● Work required
From the material below, copy every line in which the word "times" occurs.

"""

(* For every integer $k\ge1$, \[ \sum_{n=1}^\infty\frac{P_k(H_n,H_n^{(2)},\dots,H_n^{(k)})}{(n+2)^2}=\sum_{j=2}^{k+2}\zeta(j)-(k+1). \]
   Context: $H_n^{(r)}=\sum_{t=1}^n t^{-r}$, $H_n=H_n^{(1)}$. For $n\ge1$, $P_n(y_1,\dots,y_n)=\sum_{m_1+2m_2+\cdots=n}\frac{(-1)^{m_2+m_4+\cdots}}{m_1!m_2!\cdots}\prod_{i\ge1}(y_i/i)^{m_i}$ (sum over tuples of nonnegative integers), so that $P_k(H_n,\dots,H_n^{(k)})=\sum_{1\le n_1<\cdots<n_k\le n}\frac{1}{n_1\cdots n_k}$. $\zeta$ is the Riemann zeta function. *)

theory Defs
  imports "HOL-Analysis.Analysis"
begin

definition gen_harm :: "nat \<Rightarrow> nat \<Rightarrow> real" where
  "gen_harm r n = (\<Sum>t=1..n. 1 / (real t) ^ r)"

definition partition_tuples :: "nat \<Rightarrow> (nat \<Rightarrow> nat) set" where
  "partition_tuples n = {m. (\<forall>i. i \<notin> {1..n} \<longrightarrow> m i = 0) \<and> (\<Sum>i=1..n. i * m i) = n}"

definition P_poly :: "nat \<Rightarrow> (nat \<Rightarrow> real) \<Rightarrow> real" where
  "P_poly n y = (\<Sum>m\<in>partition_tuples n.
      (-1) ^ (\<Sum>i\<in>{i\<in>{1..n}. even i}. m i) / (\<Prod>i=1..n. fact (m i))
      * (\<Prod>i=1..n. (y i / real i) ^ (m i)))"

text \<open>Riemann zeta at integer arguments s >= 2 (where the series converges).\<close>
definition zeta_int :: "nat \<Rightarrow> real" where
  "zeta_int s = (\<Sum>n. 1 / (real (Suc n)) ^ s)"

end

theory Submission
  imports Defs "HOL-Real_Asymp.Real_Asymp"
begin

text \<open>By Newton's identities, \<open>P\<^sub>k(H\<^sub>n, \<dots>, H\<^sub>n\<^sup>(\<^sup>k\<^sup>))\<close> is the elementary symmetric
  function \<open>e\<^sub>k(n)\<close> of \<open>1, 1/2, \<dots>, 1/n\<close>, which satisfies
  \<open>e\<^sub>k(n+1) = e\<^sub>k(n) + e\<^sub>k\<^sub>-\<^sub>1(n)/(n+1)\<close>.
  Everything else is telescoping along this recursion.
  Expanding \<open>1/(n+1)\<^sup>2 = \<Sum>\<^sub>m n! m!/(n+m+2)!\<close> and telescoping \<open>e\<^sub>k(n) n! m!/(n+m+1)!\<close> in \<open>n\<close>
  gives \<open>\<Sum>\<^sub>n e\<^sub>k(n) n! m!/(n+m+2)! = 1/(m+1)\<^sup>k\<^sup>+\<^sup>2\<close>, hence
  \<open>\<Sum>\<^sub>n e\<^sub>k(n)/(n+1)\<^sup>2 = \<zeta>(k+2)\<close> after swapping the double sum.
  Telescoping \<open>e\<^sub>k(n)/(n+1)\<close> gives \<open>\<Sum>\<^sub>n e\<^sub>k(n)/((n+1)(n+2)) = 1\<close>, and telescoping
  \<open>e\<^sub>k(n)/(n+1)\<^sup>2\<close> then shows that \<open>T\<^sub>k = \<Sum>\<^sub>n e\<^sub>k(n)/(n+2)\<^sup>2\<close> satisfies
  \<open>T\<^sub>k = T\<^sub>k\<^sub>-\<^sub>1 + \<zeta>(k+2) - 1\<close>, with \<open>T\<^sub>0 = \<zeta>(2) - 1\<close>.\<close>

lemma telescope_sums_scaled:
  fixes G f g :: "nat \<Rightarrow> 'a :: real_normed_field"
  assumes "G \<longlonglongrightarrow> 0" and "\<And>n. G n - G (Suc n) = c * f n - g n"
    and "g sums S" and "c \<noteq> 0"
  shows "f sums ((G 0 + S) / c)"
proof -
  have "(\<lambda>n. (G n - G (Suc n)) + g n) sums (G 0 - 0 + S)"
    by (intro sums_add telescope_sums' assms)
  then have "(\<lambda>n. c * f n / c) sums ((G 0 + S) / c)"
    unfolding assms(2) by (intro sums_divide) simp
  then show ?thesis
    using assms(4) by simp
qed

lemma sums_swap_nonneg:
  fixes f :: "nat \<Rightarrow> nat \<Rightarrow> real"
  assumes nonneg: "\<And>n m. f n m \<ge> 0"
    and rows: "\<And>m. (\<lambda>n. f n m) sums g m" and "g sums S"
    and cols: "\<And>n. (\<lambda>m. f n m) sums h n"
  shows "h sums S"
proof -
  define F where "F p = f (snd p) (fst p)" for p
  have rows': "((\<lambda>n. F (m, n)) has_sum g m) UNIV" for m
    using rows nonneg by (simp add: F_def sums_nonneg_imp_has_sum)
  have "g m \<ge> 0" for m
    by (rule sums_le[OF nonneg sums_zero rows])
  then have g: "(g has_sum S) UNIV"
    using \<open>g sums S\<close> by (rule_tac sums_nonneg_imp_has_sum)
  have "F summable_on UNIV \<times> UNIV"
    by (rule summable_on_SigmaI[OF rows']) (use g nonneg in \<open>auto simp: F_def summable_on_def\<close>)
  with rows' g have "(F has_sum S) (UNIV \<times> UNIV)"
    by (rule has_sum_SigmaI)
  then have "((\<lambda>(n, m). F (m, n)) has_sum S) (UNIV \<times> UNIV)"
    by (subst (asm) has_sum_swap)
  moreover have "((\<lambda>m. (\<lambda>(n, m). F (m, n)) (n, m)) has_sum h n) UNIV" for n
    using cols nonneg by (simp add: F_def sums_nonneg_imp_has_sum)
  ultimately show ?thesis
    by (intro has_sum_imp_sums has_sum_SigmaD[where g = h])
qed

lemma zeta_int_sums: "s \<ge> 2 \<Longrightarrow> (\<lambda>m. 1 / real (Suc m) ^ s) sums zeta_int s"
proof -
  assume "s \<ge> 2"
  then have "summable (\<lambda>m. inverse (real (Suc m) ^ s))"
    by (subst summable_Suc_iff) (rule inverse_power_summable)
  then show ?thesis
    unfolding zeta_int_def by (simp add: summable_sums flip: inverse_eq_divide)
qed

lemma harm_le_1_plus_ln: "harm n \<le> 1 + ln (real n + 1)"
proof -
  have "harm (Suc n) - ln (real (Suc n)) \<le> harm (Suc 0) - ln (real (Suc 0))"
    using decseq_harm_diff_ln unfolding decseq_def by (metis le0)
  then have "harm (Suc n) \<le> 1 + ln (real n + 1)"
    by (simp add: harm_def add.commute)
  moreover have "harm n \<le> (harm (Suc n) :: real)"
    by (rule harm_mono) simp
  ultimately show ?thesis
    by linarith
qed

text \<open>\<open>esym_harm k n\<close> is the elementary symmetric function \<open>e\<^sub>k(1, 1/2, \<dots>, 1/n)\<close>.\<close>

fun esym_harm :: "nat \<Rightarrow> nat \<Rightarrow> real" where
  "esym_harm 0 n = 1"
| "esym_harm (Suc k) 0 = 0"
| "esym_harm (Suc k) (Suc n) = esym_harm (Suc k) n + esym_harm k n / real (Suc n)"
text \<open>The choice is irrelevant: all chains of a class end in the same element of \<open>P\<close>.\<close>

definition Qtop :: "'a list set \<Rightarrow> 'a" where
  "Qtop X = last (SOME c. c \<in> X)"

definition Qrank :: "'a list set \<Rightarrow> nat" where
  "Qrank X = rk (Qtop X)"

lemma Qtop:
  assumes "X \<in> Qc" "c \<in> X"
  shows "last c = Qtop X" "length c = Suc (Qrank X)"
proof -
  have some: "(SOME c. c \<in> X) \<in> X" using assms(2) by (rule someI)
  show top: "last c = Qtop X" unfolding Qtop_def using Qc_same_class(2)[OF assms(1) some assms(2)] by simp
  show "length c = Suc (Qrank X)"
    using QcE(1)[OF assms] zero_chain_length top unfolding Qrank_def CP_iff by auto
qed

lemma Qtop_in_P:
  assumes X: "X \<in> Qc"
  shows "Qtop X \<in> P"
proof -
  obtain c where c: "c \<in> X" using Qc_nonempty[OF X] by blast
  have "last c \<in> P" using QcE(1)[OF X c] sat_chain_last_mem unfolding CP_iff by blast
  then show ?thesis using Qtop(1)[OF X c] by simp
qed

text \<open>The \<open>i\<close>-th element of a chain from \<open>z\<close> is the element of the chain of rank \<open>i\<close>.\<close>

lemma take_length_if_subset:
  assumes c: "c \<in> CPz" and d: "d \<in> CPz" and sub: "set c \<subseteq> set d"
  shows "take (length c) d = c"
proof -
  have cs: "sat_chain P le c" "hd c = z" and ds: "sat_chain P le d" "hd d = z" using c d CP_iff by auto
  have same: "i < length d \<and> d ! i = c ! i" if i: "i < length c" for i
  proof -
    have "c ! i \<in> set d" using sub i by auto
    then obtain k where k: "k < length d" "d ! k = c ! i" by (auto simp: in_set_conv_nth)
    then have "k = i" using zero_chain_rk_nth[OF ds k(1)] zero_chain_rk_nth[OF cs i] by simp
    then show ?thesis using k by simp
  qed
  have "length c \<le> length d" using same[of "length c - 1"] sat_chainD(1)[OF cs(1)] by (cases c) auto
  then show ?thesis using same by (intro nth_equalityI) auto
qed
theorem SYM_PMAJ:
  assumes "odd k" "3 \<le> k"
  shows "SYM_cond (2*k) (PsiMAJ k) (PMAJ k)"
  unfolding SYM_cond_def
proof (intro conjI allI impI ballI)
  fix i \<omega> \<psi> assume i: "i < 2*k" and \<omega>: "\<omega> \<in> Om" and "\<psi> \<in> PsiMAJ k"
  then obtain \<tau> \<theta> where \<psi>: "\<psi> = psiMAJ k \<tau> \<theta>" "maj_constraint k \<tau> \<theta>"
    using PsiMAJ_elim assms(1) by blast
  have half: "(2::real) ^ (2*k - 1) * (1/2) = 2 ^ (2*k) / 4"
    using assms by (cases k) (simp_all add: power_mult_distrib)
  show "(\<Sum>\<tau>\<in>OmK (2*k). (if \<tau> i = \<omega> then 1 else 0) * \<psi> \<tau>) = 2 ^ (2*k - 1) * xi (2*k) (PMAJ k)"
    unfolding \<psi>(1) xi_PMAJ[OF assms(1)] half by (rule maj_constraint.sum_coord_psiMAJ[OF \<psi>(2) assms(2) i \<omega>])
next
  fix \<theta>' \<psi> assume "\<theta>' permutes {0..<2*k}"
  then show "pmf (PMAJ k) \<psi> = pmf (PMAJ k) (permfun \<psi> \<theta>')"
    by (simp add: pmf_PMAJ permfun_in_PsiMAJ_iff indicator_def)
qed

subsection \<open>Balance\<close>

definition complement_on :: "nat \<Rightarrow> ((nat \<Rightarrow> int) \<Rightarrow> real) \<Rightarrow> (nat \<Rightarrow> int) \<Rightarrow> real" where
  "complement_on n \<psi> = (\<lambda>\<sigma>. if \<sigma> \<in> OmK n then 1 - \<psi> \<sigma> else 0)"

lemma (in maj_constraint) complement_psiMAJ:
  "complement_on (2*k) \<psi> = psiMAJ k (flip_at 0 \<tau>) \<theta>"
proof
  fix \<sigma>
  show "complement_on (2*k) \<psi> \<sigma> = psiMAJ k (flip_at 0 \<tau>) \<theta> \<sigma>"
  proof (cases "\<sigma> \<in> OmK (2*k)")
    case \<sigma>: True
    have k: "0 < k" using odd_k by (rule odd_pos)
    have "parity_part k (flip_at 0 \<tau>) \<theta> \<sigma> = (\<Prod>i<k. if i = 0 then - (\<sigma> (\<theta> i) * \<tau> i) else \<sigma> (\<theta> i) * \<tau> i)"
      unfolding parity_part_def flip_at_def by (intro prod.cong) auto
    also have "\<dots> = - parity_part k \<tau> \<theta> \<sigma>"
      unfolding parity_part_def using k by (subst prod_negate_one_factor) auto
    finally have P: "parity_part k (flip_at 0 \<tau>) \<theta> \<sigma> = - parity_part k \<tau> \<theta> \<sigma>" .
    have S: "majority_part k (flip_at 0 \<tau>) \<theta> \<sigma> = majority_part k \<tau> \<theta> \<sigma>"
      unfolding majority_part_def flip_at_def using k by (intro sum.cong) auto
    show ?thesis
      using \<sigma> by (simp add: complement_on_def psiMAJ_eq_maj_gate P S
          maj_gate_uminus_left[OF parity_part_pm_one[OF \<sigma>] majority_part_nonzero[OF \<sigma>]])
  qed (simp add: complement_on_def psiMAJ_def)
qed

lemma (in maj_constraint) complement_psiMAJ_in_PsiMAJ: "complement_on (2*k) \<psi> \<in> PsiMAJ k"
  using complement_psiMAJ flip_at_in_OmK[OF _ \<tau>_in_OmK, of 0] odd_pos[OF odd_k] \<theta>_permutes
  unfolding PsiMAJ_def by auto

"""

● Task response
  have "F summable_on UNIV \<times> UNIV"
  with rows' g have "(F has_sum S) (UNIV \<times> UNIV)"
  then have "((\<lambda>(n, m). F (m, n)) has_sum S) (UNIV \<times> UNIV)"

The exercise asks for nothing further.